INPUT —
definition carrier4 :: "int poly set" where
  "carrier4 = {f. degree f < 4}"

text \<open>The ring endomorphism of Z[x]/(x^4) sending x to a (a without constant term):
y(x) is mapped to y(a), truncated.\<close>
definition adams_op :: "int poly \<Rightarrow> int poly \<Rightarrow> int poly" where
  "adams_op a y = trunc4 (pcompose y a)"

definition filt :: "nat \<Rightarrow> nat \<Rightarrow> int poly set" where
  "filt d k = {y \<in> carrier4. \<forall>j<4. j * d < k \<longrightarrow> coeff y j = 0}"

text \<open>A filtered lambda-ring structure on Z[x]/(x^4), given by its Adams operations
psi p = psi^p(x) for primes p (values at non-primes are irrelevant).\<close>
definition lam_struct :: "(nat \<Rightarrow> int poly) \<Rightarrow> bool" where
  "lam_struct psi \<longleftrightarrow>
     (\<forall>p. prime p \<longrightarrow> degree (psi p) < 4 \<and> coeff (psi p) 0 = 0 \<and>
        (\<forall>i<4. coeff (psi p) i mod int p = coeff (monom 1 p :: int poly) i mod int p)) \<and>
     (\<forall>p q. prime p \<longrightarrow> prime q \<longrightarrow>
        adams_op (psi p) (psi q) = adams_op (psi q) (psi p))"

definition lam_iso :: "nat \<Rightarrow> (nat \<Rightarrow> int poly) \<Rightarrow> (nat \<Rightarrow> int poly) \<Rightarrow> bool" where
  "lam_iso d R S \<longleftrightarrow>
     (\<exists>\<phi>. bij_betw \<phi> carrier4 carrier4 \<and>
        (\<forall>y\<in>carrier4. \<forall>z\<in>carrier4. \<phi> (y + z) = \<phi> y + \<phi> z \<and>
            \<phi> (trunc4 (y * z)) = trunc4 (\<phi> y * \<phi> z)) \<and>
        \<phi> 1 = 1 \<and>
        (\<forall>k. \<phi> ` filt d k = filt d k) \<and>
        (\<forall>p. prime p \<longrightarrow> (\<forall>y\<in>carrier4. \<phi> (adams_op (R p) y) = adams_op (S p) (\<phi> y))))"

definition struct_mult :: "nat \<Rightarrow> int poly" where
  "struct_mult p = trunc4 ((1 + [:0, 1:]) ^ p - 1)"

definition struct_S :: "int \<Rightarrow> int \<Rightarrow> nat \<Rightarrow> int poly" where
  "struct_S k d2 p =
     (let q = int p;
          dp = (if p = 2 then d2
                else (q^2 * (q^4 - 1) * d2) div 60 + (k^2 * q^2 * (q^2 - 1) * (q^2 - 4)) div 360)
      in [:0, q^2, (k * q^2 * (q^2 - 1)) div 12, dp:])"

definition struct_cd :: "(nat \<Rightarrow> int) \<Rightarrow> (nat \<Rightarrow> int) \<Rightarrow> nat \<Rightarrow> int poly" where
  "struct_cd c e p = [:0, 0, c p, e p:]"

definition adams_cong :: "(nat \<Rightarrow> int poly) \<Rightarrow> bool" where
  "adams_cong psi \<longleftrightarrow> (\<forall>p. prime p \<longrightarrow>
     (\<forall>i<4. coeff (psi p) i mod int p = coeff (monom 1 p :: int poly) i mod int p))"

end

theory Submission
  imports Defs "HOL-Number_Theory.Cong"
begin

text \<open>Write \<psi>^p(x) = a_p x + b_p x^2 + c_p x^3. Each Adams operation is substitution of the
  jet (a_p, b_p, c_p) of a power series without constant term, and \<psi>^p \<psi>^q = \<psi>^q \<psi>^p says that
  these jets commute under composition. A filtered ring automorphism of Z[x]/(x^4) is determined
  by the image of x, which has no constant term, so it is itself substitution of a jet, necessarily
  one with linear coefficient \<plusminus>1. Hence two structures are isomorphic iff their families of jets
  are simultaneously conjugate by such a unit jet.

  If A = a_2 is not 0 or \<plusminus>1 (which holds as soon as A \<noteq> 0, since A is even), an element of the
  centralizer of \<psi>^2 is determined by its linear coefficient, so a structure is determined up to
  isomorphism by the a_p and the conjugacy class of \<psi>^2. Conjugating by (1, \<alpha>, \<beta>) shifts b_2 by
  \<alpha> (A - A^2) and then c_2 by \<beta> (A - A^3), which leaves finitely many classes (part 3). For
  A = 2 and A = 4 the congruences \<psi>^p \<equiv> x^p mod p for p = 2, 3 and the commutation of \<psi>^2 with
  \<psi>^3 pin \<psi>^2 down to the jet of (1 + x)^2 - 1 (part 1), respectively to that of one of the
  S(k, d2) (part 2). If A = 0, all a_p vanish, jets (0, c, e) compose to zero, and conjugation by
  (\<plusminus>1, \<alpha>, \<beta>) acts by c \<mapsto> \<plusminus>c, e \<mapsto> e + 2 c \<alpha> (part 4).\<close>

section \<open>The truncated polynomial ring\<close>

lemma coeff_pCons4:
  "coeff [:a, b, c, e:] i = (if i = 0 then a else if i = 1 then b else if i = 2 then c else if i = 3 then e else 0)"
  by (cases i; cases "i - 1"; cases "i - 2"; cases "i - 3"; auto simp: coeff_pCons split: nat.splits)

lemma trunc4_eq: "trunc4 f = [:coeff f 0, coeff f 1, coeff f 2, coeff f 3:]"
  by (simp add: poly_eq_iff trunc4_def coeff_sum coeff_monom coeff_pCons4)

lemma trunc4_mult_pCons4:
  "trunc4 ([:y0, y1, y2, y3:] * [:z0, z1, z2, z3:]) =
     [:y0*z0, y0*z1 + y1*z0, y0*z2 + y1*z1 + y2*z0, y0*z3 + y1*z2 + y2*z1 + y3*z0:]"
  by (simp add: trunc4_eq eval_nat_numeral algebra_simps)

lemma pCons4_in_carrier4: "[:a, b, c, e:] \<in> carrier4"
proof -
  have "degree [:a, b, c, e:] \<le> 3"
    by (rule degree_le) (auto simp: coeff_pCons4)
  then show ?thesis by (simp add: carrier4_def)
qed

lemma carrier4_eq: "y \<in> carrier4 \<Longrightarrow> y = [:coeff y 0, coeff y 1, coeff y 2, coeff y 3:]"
  unfolding carrier4_def by (auto simp: poly_eq_iff coeff_pCons4 intro!: coeff_eq_0)

lemma trunc4_in_carrier4: "trunc4 f \<in> carrier4"
  by (simp add: trunc4_eq pCons4_in_carrier4)

lemma smult_in_carrier4: "y \<in> carrier4 \<Longrightarrow> smult k y \<in> carrier4"
  unfolding carrier4_def using degree_smult_le[of k y] by simp

lemma add_in_carrier4: "y \<in> carrier4 \<Longrightarrow> z \<in> carrier4 \<Longrightarrow> y + z \<in> carrier4"
  unfolding carrier4_def using degree_add_le[of y 3 z] by simp

section \<open>Jets of substitutions\<close>

text \<open>(a, b, c) stands for the substitution x \<mapsto> a x + b x^2 + c x^3 modulo x^4, and
  jcomp f g is the jet of f \<circ> g.\<close>
type_synonym jet = "int \<times> int \<times> int"

fun jet_poly :: "jet \<Rightarrow> int poly" where
  "jet_poly (a, b, c) = [:0, a, b, c:]"

definition jet_of :: "int poly \<Rightarrow> jet" where
  "jet_of f = (coeff f 1, coeff f 2, coeff f 3)"

fun jcomp :: "jet \<Rightarrow> jet \<Rightarrow> jet" where
  "jcomp (f1, f2, f3) (g1, g2, g3) = (f1*g1, f1*g2 + f2*g1^2, f1*g3 + 2*f2*g1*g2 + f3*g1^3)"

definition unit_jet :: "jet \<Rightarrow> bool" where
  "unit_jet g \<longleftrightarrow> fst g = 1 \<or> fst g = -1"

fun jinv :: "jet \<Rightarrow> jet" where
  "jinv (e, a, b) = (e, -e*a, 2*e*a^2 - b)"

definition jconj :: "jet \<Rightarrow> jet \<Rightarrow> jet" where
  "jconj g f = jcomp (jinv g) (jcomp f g)"

lemma jcomp_assoc: "jcomp (jcomp f g) h = jcomp f (jcomp g h)"
  by (cases f; cases g; cases h) (simp add: algebra_simps power2_eq_square power3_eq_cube)

lemma jcomp_id [simp]: "jcomp (1, 0, 0) f = f" "jcomp f (1, 0, 0) = f"
  by (cases f; simp)+

lemma fst_jcomp: "fst (jcomp f g) = fst f * fst g"
  by (cases f; cases g; simp)

lemma jinv_jcomp: "unit_jet g \<Longrightarrow> jcomp (jinv g) g = (1, 0, 0)"
  and jcomp_jinv: "unit_jet g \<Longrightarrow> jcomp g (jinv g) = (1, 0, 0)"
  by (cases g; auto simp: unit_jet_def algebra_simps power2_eq_square power3_eq_cube)+

lemma jcomp_jconj: "unit_jet g \<Longrightarrow> jcomp g (jconj g f) = jcomp f g"
  by (simp add: jconj_def jcomp_assoc[symmetric] jcomp_jinv)

lemma fst_jconj: "unit_jet g \<Longrightarrow> fst (jconj g f) = fst f"
  by (cases g) (auto simp: unit_jet_def jconj_def fst_jcomp)

lemma jconj_commute:
  assumes "unit_jet g" "jcomp f h = jcomp h f"
  shows "jcomp (jconj g f) (jconj g h) = jcomp (jconj g h) (jconj g f)"
proof -
  have cancel: "jcomp g (jcomp (jinv g) z) = z" for z
    using assms(1) by (simp add: jcomp_assoc[symmetric] jcomp_jinv)
  show ?thesis
    using assms(2) by (simp add: jconj_def jcomp_assoc cancel) (simp add: jcomp_assoc[symmetric])
qed

lemma jet_poly_inj: "jet_poly f = jet_poly g \<Longrightarrow> f = g"
  by (cases f; cases g; simp)

lemma jet_poly_jet_of: "f \<in> carrier4 \<Longrightarrow> coeff f 0 = 0 \<Longrightarrow> jet_poly (jet_of f) = f"
  using carrier4_eq[of f] by (simp add: jet_of_def)

lemma jet_poly_in_carrier4: "jet_poly f \<in> carrier4"
  by (cases f; simp add: pCons4_in_carrier4 del: pCons_0_0)

lemma adams_op_jet_poly_pCons4:
  "adams_op (jet_poly (g1, g2, g3)) [:y0, y1, y2, y3:] =
     [:y0, y1*g1, y1*g2 + y2*g1^2, y1*g3 + 2*y2*g1*g2 + y3*g1^3:]"
  by (simp add: adams_op_def trunc4_eq pcompose_pCons eval_nat_numeral del: pCons_0_0)
     (simp add: algebra_simps power2_eq_square power3_eq_cube)

lemma adams_op_jet_poly: "adams_op (jet_poly g) (jet_poly f) = jet_poly (jcomp f g)"
proof (cases f; cases g)
  fix a b c g1 g2 g3
  assume "f = (a, b, c)" "g = (g1, g2, g3)"
  then show ?thesis using adams_op_jet_poly_pCons4[of g1 g2 g3 0 a b c] by simp
qed

lemma adams_op_in_carrier4: "adams_op a y \<in> carrier4"
  by (simp add: adams_op_def trunc4_in_carrier4)

lemma adams_op_jet_poly_carrier4:
  assumes "y \<in> carrier4"
  shows "adams_op (jet_poly (g1, g2, g3)) y =
     [:coeff y 0, coeff y 1*g1, coeff y 1*g2 + coeff y 2*g1^2,
       coeff y 1*g3 + 2*coeff y 2*g1*g2 + coeff y 3*g1^3:]"
  by (subst carrier4_eq[OF assms]) (rule adams_op_jet_poly_pCons4)

lemma adams_op_adams_op:
  assumes "y \<in> carrier4"
  shows "adams_op (jet_poly h) (adams_op (jet_poly g) y) = adams_op (jet_poly (jcomp g h)) y"
  using assms
  by (cases g; cases h)
     (simp add: adams_op_jet_poly_carrier4 adams_op_jet_poly_pCons4 del: pCons_0_0 jet_poly.simps,
      simp add: algebra_simps power2_eq_square power3_eq_cube)

lemma adams_op_jet_id: "y \<in> carrier4 \<Longrightarrow> adams_op [:0, 1:] y = y"
  using adams_op_jet_poly_carrier4[of y 1 0 0] carrier4_eq[of y] by simp

lemma adams_op_add: "adams_op a (y + z) = adams_op a y + adams_op a z"
  by (simp add: adams_op_def pcompose_add trunc4_eq)

lemma adams_op_one: "adams_op a 1 = 1"
  by (simp add: adams_op_def trunc4_eq pcompose_1)

lemma adams_op_trunc4_mult:
  assumes "y \<in> carrier4" "z \<in> carrier4"
  shows "adams_op (jet_poly g) (trunc4 (y * z)) =
           trunc4 (adams_op (jet_poly g) y * adams_op (jet_poly g) z)"
proof (cases g)
  case (fields g1 g2 g3)
  show ?thesis
    by (subst (1 2) carrier4_eq[OF assms(1)], subst (1 2) carrier4_eq[OF assms(2)])
       (simp only: fields trunc4_mult_pCons4 adams_op_jet_poly_pCons4,
        simp add: algebra_simps power2_eq_square power3_eq_cube del: pCons_0_0)
qed

lemma adams_op_filt: "y \<in> filt d k \<Longrightarrow> adams_op (jet_poly g) y \<in> filt d k"
proof -
  assume y: "y \<in> filt d k"
  then have yc: "y \<in> carrier4" and vanish: "\<And>j. j < 4 \<Longrightarrow> j * d < k \<Longrightarrow> coeff y j = 0"
    by (auto simp: filt_def)
  obtain g1 g2 g3 where g: "g = (g1, g2, g3)" by (cases g)
  have "coeff (adams_op (jet_poly g) y) j = 0" if "j < 4" "j * d < k" for j
  proof -
    have "i \<le> j \<Longrightarrow> coeff y i = 0" for i
      using vanish[of i] that mult_le_mono1[of i j d] by fastforce
    then show ?thesis
      using that by (auto simp: g adams_op_jet_poly_carrier4[OF yc] coeff_pCons4 simp del: jet_poly.simps)
  qed
  then show ?thesis by (simp add: filt_def adams_op_in_carrier4)
qed

section \<open>Isomorphisms are conjugations by unit jets\<close>

definition ring_hom4 :: "(int poly \<Rightarrow> int poly) \<Rightarrow> bool" where
  "ring_hom4 \<phi> \<longleftrightarrow>
     (\<forall>y\<in>carrier4. \<forall>z\<in>carrier4. \<phi> (y + z) = \<phi> y + \<phi> z \<and>
        \<phi> (trunc4 (y * z)) = trunc4 (\<phi> y * \<phi> z)) \<and> \<phi> 1 = 1"

lemma lam_iso_iff_ring_hom4:
  "lam_iso d R S \<longleftrightarrow>
     (\<exists>\<phi>. bij_betw \<phi> carrier4 carrier4 \<and> ring_hom4 \<phi> \<and> (\<forall>k. \<phi> ` filt d k = filt d k) \<and>
        (\<forall>p. prime p \<longrightarrow> (\<forall>y\<in>carrier4. \<phi> (adams_op (R p) y) = adams_op (S p) (\<phi> y))))"
  unfolding lam_iso_def ring_hom4_def by blast

lemma ring_hom4_adams_op: "ring_hom4 (adams_op (jet_poly g))"
  by (simp add: ring_hom4_def adams_op_add adams_op_one adams_op_trunc4_mult)

lemma ring_hom4_smult:
  assumes "ring_hom4 \<phi>" "y \<in> carrier4"
  shows "\<phi> (smult k y) = smult k (\<phi> y)"
proof (induction k rule: int_induct[where k = 0])
  case base
  have "(0::int poly) \<in> carrier4" by (simp add: carrier4_def)
  then have "\<phi> (0 + 0) = \<phi> 0 + \<phi> 0"
    using assms(1) unfolding ring_hom4_def by blast
  then show "\<phi> (smult 0 y) = smult 0 (\<phi> y)" by simp
next
  case (step1 i)
  have "\<phi> (smult i y + y) = \<phi> (smult i y) + \<phi> y"
    using assms by (simp add: ring_hom4_def smult_in_carrier4)
  then show ?case using step1 by (simp add: smult_add_left)
next
  case (step2 i)
  have "\<phi> (smult (i - 1) y + y) = \<phi> (smult (i - 1) y) + \<phi> y"
    using assms by (simp add: ring_hom4_def smult_in_carrier4)
  then show ?case using step2 by (simp add: smult_add_left smult_diff_left)
qed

PROBLEM DESCRIPTION — Reproduce nothing but the lines from the line containing "case (step2 i)" to the last line of the data, each exactly as written.

TASK SOLUTION —
  case (step2 i)
  have "\<phi> (smult (i - 1) y + y) = \<phi> (smult (i - 1) y) + \<phi> y"
    using assms by (simp add: ring_hom4_def smult_in_carrier4)
  then show ?case using step2 by (simp add: smult_add_left smult_diff_left)
qed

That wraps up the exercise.